Мы это наводнение изучили досконально в рамках имеющейся информации. Разные авторы предлагают разные способы оценивать повторяемость таких явлений. Интервал — от 100 до 250-300 лет. То есть один раз в сто лет по Пирсону, и один раз в 300 лет по Критскому и Менделю эти катаклизмы могут случаться.

А что было осенью на Амуре с точки зрения механизма и масштаба явления? В точности то же самое, что произошло в 2010 году. Только с другой географией. Почему произошло амурское наводнение? Потому что над северо-западной частью Тихого океана сформировался исключительно мощный блокирующий антициклон. Дальше пошли муссонные циклоны и из-за того, что были поставлены блоки, они распространялись не на обычную для себя территорию, а на территорию впятеро меньшую, то есть на бассейн Амура все попадало и проливалось над бассейном Амура, в Китае и в России соответственно.

А что было в 2010 году? Такой же примерно антициклон сформировался над европейской частью России, когда была жара 38 градусов, А где было наводнение? На окраине, там, где блок был поставлен, в Пакистане. Те же самые муссоны, в Пакистане было несколько тысяч жертв. А разница между 13-м и 10-м годом, это, простите, что — 300 лет или 100 лет? Вот и делайте выводы, связано ли такая частая повторяемость катаклизмов с деятельностью человека.

— Да, невеселые перспективы… Поучается, чем дальше, тем чаще и сильнее будут природные бедствия, их нельзя даже назвать в полной мере стихийными… Сколько нашей Земле осталось жить, если ничего не менять?

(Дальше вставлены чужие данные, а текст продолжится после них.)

lemma relation_imp_minus_X_eq_compose_bit:
  fixes c :: "bit fps"
  assumes c: "c * (psi oo fps_X ^ 3) ^ 3 = psi"
  shows "c - fps_X = psi * inverse (psi oo fps_X ^ 3) oo fps_X ^ 4"
proof -
  let ?D = "\<lambda>k. psi oo fps_X ^ k :: bit fps"
  have "(a :: bit fps) ^ 3 * a = (a ^ 2) ^ 2" for a
    by (simp add: eval_nat_numeral)
  then have "?D 12 = ?D 3 ^ 3 * ?D 3"
    using psi_compose_square_bit[of 3] psi_compose_square_bit[of 6] by (simp only:) simp
  then have "c * ?D 12 = (c * ?D 3 ^ 3) * ?D 3"
    by (simp add: mult.assoc)
  also have "\<dots> = ?D 4 + fps_X * ?D 12"
    by (simp only: c psi_mult_psi_compose_3_bit)
  finally have "(c - fps_X) * ?D 12 = ?D 4"
    by (simp add: algebra_simps)
  also have "?D 4 = (psi * inverse (?D 3) oo fps_X ^ 4) * ?D 12"
    using mult_compose_X_power_compose_X_power[of 3 4 "psi * inverse (?D 3)" psi]
      inverse_psi_compose_mult_bit[of 3]
    by (simp add: mult.assoc)
  finally show ?thesis
    by simp
qed

lemma coefficient_from_relation_bit:
  fixes c :: "bit fps"
  assumes "c * (psi oo fps_X ^ 3) ^ 3 = psi"
  shows "c $ (24 * t + 4) = psi $ t"
proof -
  have "c $ (24 * t + 4) = (c - fps_X) $ (4 * (6 * t + 1))"
    by (simp add: algebra_simps)
  also have "\<dots> = (psi * inverse (psi oo fps_X ^ 3)) $ (6 * t + 1)"
    by (simp only: relation_imp_minus_X_eq_compose_bit[OF assms] fps_compose_X_power_nth_mult zero_less_numeral)
  also have "\<dots> = (psi oo fps_X ^ 6) $ (6 * t)"
    by (simp add: psi_div_psi_compose_3_bit fps_nth_compose_X_power)
  also have "\<dots> = psi $ t"
    by (simp only: fps_compose_X_power_nth_mult zero_less_numeral)
  finally show ?thesis .
qed

definition eta_quotient :: "int fps" where
  "eta_quotient = euler_prod 2 * euler_prod 3 ^ 3 * fps_right_inverse (euler_prod 1 * euler_prod 6 ^ 3) 1"

lemma eta_quotient_mult:
  "eta_quotient * (euler_prod 1 * euler_prod 6 ^ 3) = euler_prod 2 * euler_prod 3 ^ 3"
proof -
  have "(euler_prod 1 * euler_prod 6 ^ 3) * fps_right_inverse (euler_prod 1 * euler_prod 6 ^ 3 :: int fps) 1 = 1"
    by (rule fps_right_inverse) (simp add: fps_nth_power_0)
  then show ?thesis by (simp add: eta_quotient_def algebra_simps)
qed

lemma j6P_eq_of_int_fps: "j6P = of_int_fps (eta_quotient ^ 3)"
proof -
  let ?D = "euler_prod 1 * euler_prod 6 ^ 3 :: rat fps"
  have "of_int_fps (eta_quotient * (euler_prod 1 * euler_prod 6 ^ 3))
      = (of_int_fps (euler_prod 2 * euler_prod 3 ^ 3) :: rat fps)"
    by (simp only: eta_quotient_mult)
  then have "euler_prod 2 * euler_prod 3 ^ 3 = of_int_fps eta_quotient * ?D"
    by (simp only: of_int_fps_mult of_int_fps_power of_int_fps_euler_prod)
  moreover have "?D * inverse ?D = 1"
    by (rule inverse_mult_eq_1') (simp add: fps_nth_power_0)
  ultimately have "(euler_prod 2 * euler_prod 3 ^ 3) / ?D = of_int_fps eta_quotient"
    by (simp add: fps_divide_unit fps_nth_power_0 mult.assoc)
  then show ?thesis
    by (simp add: j6P_def qpoch_eq_euler_prod of_int_fps_power)
qed

lemma bit_of_int_eq_0_imp_even: "(of_int z :: bit) = 0 \<Longrightarrow> even z"
proof (rule ccontr)
  assume "of_int z = (0::bit)" "odd z"
  then obtain k where "z = 2 * k + 1" by (auto elim: oddE)
  then have "(of_int z :: bit) = 1" by simp
  with \<open>of_int z = (0::bit)\<close> show False by simp
qed

lemma eta_quotient_cube_nth_even:
  assumes "\<not> (\<exists>x::int. x ^ 2 = 8 * int t + 1)"
  shows "even ((eta_quotient ^ 3) $ (24 * t + 4))"
proof -
  have "of_int_fps ((eta_quotient * (euler_prod 1 * euler_prod 6 ^ 3)) ^ 3)
      = (of_int_fps ((euler_prod 2 * euler_prod 3 ^ 3) ^ 3) :: bit fps)"
    by (simp only: eta_quotient_mult)
  then have "of_int_fps (eta_quotient ^ 3) * (euler_prod 1 * euler_prod 6 ^ 3) ^ 3
      = ((euler_prod 2 * euler_prod 3 ^ 3) ^ 3 :: bit fps)"
    by (simp only: of_int_fps_mult of_int_fps_power of_int_fps_euler_prod power_mult_distrib)
  then have "(of_int_fps (eta_quotient ^ 3) :: bit fps) $ (24 * t + 4) = psi $ t"
    by (intro coefficient_from_relation_bit eta_quotient_relation_bit)
  then show ?thesis
    using assms by (intro bit_of_int_eq_0_imp_even) (simp add: psi_nth)
qed

(* For N < 0 the argument 3N is below -1, where J6 vanishes by definition. *)
lemma J6_three_times_even:
  fixes N :: int
  assumes N: "N mod 8 = 1" and not_square: "\<not> (\<exists>x. x ^ 2 = N)"
  shows "\<exists>m::int. J6 (3 * N) = of_int (2 * m)"
proof (cases "N < 0")
  case True
  then have "3 * N < -1" using N by presburger
  then show ?thesis by (simp add: J6_def)
next
  case False
  define t where "t = nat (N div 8)"
  have N_eq: "N = 8 * int t + 1"
    using N False div_mult_mod_eq[of N 8] by (simp add: t_def)
  then have "J6 (3 * N) = of_int ((eta_quotient ^ 3) $ (24 * t + 4))"
    by (simp add: J6_def j6P_eq_of_int_fps nat_add_distrib nat_mult_distrib) (simp add: add.commute)
  moreover have "even ((eta_quotient ^ 3) $ (24 * t + 4))"
    using not_square N_eq by (intro eta_quotient_cube_nth_even) auto
  ultimately show ?thesis by (auto elim: evenE)
qed

lemma not_square_if_prime_multiplicity_odd:
  fixes q P B x :: int
  assumes "prime q" "\<not> q dvd B" "P \<noteq> 0"
  shows "x ^ 2 \<noteq> P ^ 2 * q * B"
proof
  assume sq: "x ^ 2 = P ^ 2 * q * B"
  have q: "prime_elem q" using assms(1) unfolding prime_def by blast
  have "B \<noteq> 0" using assms(2) by auto
  then have "x \<noteq> 0" using sq assms(1,3) by auto
  have "multiplicity q (x ^ 2) = 2 * multiplicity q x"
    using q \<open>x \<noteq> 0\<close> by (simp add: prime_elem_multiplicity_power_distrib)
  moreover have "multiplicity q (P ^ 2 * q * B) = 2 * multiplicity q P + 1"
    using q assms \<open>B \<noteq> 0\<close>
    by (simp add: prime_elem_multiplicity_mult_distrib prime_elem_multiplicity_power_distrib
        multiplicity_self not_dvd_imp_multiplicity_0 prime_elem_not_unit)
  ultimately have "2 * multiplicity q x = 2 * multiplicity q P + 1" using sq by simp
  then show False by presburger
qed

lemma odd_square_mod_8: "odd (x::int) \<Longrightarrow> x ^ 2 mod 8 = 1"
  using odd_square_eq_8_mult_add_1 by fastforce

lemma odd_prime_not_dvd:
  fixes q j m :: int
  assumes "prime q" "odd q" "\<not> q dvd j"
  shows "\<not> q dvd 8 * q * m + 8 * j + q"
proof
  assume "q dvd 8 * q * m + 8 * j + q"
  then have "q dvd (8 * q * m + 8 * j + q) - q * (8 * m + 1)"
    by (intro dvd_diff) auto
  then have "q dvd 2 ^ 3 * j"
    by (simp add: algebra_simps)
  then have "q dvd 2 ^ 3 \<or> q dvd j"
    using assms(1) by (simp only: prime_dvd_mult_iff)
  then have "q dvd 2 \<or> q dvd j"
    using assms(1) prime_dvd_power by blast
  moreover have "\<not> q dvd 2"
    using assms(1,2) primes_dvd_imp_eq[of q 2] by auto
  ultimately show False using assms(3) by blast
qed

lemma square_mult_shifted_mod_8:
  fixes P q j m :: int
  assumes "odd P" "odd q"
  shows "(P ^ 2 * q * (8 * q * m + 8 * j + q)) mod 8 = 1"
proof -
  have "P ^ 2 * q * (8 * q * m + 8 * j + q) = 8 * (P ^ 2 * q * (q * m + j)) + P ^ 2 * q ^ 2"
    by (simp add: power2_eq_square algebra_simps)
  moreover have "(P ^ 2 * q ^ 2) mod 8 = 1"
    using odd_square_mod_8[of "P * q"] assms by (simp add: power_mult_distrib)
  ultimately show ?thesis by simp
qed

lemma odd_if_mod_8_in_3_5_7: "(p :: nat) mod 8 \<in> {3, 5, 7} \<Longrightarrow> odd p"
proof -
  assume "p mod 8 \<in> {3, 5, 7}"
  then have "p mod 8 mod 2 = 1" by auto
  then show ?thesis by (simp add: mod_mod_cancel odd_iff_mod_2_eq_one)
qed

lemma J6_argument_even:
  fixes P q j :: int and n :: nat
  assumes "odd P" "prime q" "odd q" "\<not> q dvd j"
  shows "\<exists>m::int. J6 (3 * (P ^ 2 * q * (8 * q * int n + 8 * j + q))) = of_int (2 * m)"
proof (rule J6_three_times_even)
  have "\<not> q dvd 8 * q * int n + 8 * j + q"
    using assms(2-4) by (rule odd_prime_not_dvd)
  moreover have "P \<noteq> 0" using \<open>odd P\<close> by auto
  ultimately show "\<not> (\<exists>x. x ^ 2 = P ^ 2 * q * (8 * q * int n + 8 * j + q))"
    using not_square_if_prime_multiplicity_odd \<open>prime q\<close> by blast
  show "(P ^ 2 * q * (8 * q * int n + 8 * j + q)) mod 8 = 1"
    using assms(1,3) by (rule square_mult_shifted_mod_8)
qed

theorem theorem3p4:
  fixes k n :: nat and p :: "nat \<Rightarrow> nat" and j :: int
  assumes primes: "\<forall>i\<in>{1..k+1}. prime (p i) \<and> p i mod 8 \<in> {3, 5, 7}"
    and ndvd: "\<not> int (p (k+1)) dvd j"
  shows "\<exists>m::int. J6 (3 * (\<Prod>i\<in>{1..k}. int (p i) ^ 2) * int (p (k+1))
                   * (8 * int (p (k+1)) * int n + 8 * j + int (p (k+1)))) = of_int (2 * m)"
proof -
  \<comment> \<open>Only the oddness of p 1, ..., p k is used, not their primality or residues mod 8.\<close>
  define P where "P = (\<Prod>i\<in>{1..k}. int (p i))"
  define q where "q = int (p (k+1))"
  have "odd P"
    using primes by (auto simp: P_def even_prod_iff intro!: odd_if_mod_8_in_3_5_7)
  moreover have "prime q" "odd q"
    using primes odd_if_mod_8_in_3_5_7[of "p (k+1)"] by (auto simp: q_def)
  ultimately have "\<exists>m::int. J6 (3 * (P ^ 2 * q * (8 * q * int n + 8 * j + q))) = of_int (2 * m)"
    using ndvd by (intro J6_argument_even) (auto simp: q_def)
  moreover have "3 * (\<Prod>i\<in>{1..k}. int (p i) ^ 2) * int (p (k+1)) * (8 * int (p (k+1)) * int n + 8 * j + int (p (k+1)))
      = 3 * (P ^ 2 * q * (8 * q * int n + 8 * j + q))"
    by (simp add: P_def q_def prod_power_distrib mult.assoc)
  ultimately show ?thesis
    by (simp only:)
qed

end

— Попытки ответа на этот вопрос — это гадание на кофейной гуще. Потому что мы говорим о переходном процессе. А наука не умеет прогнозировать переходные процессы. Мы можем прогнозировать только стационарные или квазистационарные процессы. То есть развитие, которых предопределено известным и оцененным прошлым. А переходные процессы — это результат событий, воздействие которых на реальность мы плохо себе представляем. И вот сейчас мы сталкиваемся с этим.

Поэтому, когда даже озабоченных судьбой человечества и окружающей среды людей спрашивают, сколько осталось, вот как вы спросили, то ответы бывают очень-очень разные. Минимум, меньше мне не приходилось слышать, это 100 лет, а максимум — это несколько тысяч лет. Но человек не может удовлетвориться таким ответом. Но лучше ответа сегодня дать нельзя. Можно только указать на интервал, но и левая и правая точки этого интервала — это гадание на кофейной гуще.

— И все-таки я хочу вернуться к России. Вы ни одно десятилетие занимаетесь темой экологии. Неужели нет позитивных изменений в плане грамотности, ответственного какого-то отношения у нас, людей?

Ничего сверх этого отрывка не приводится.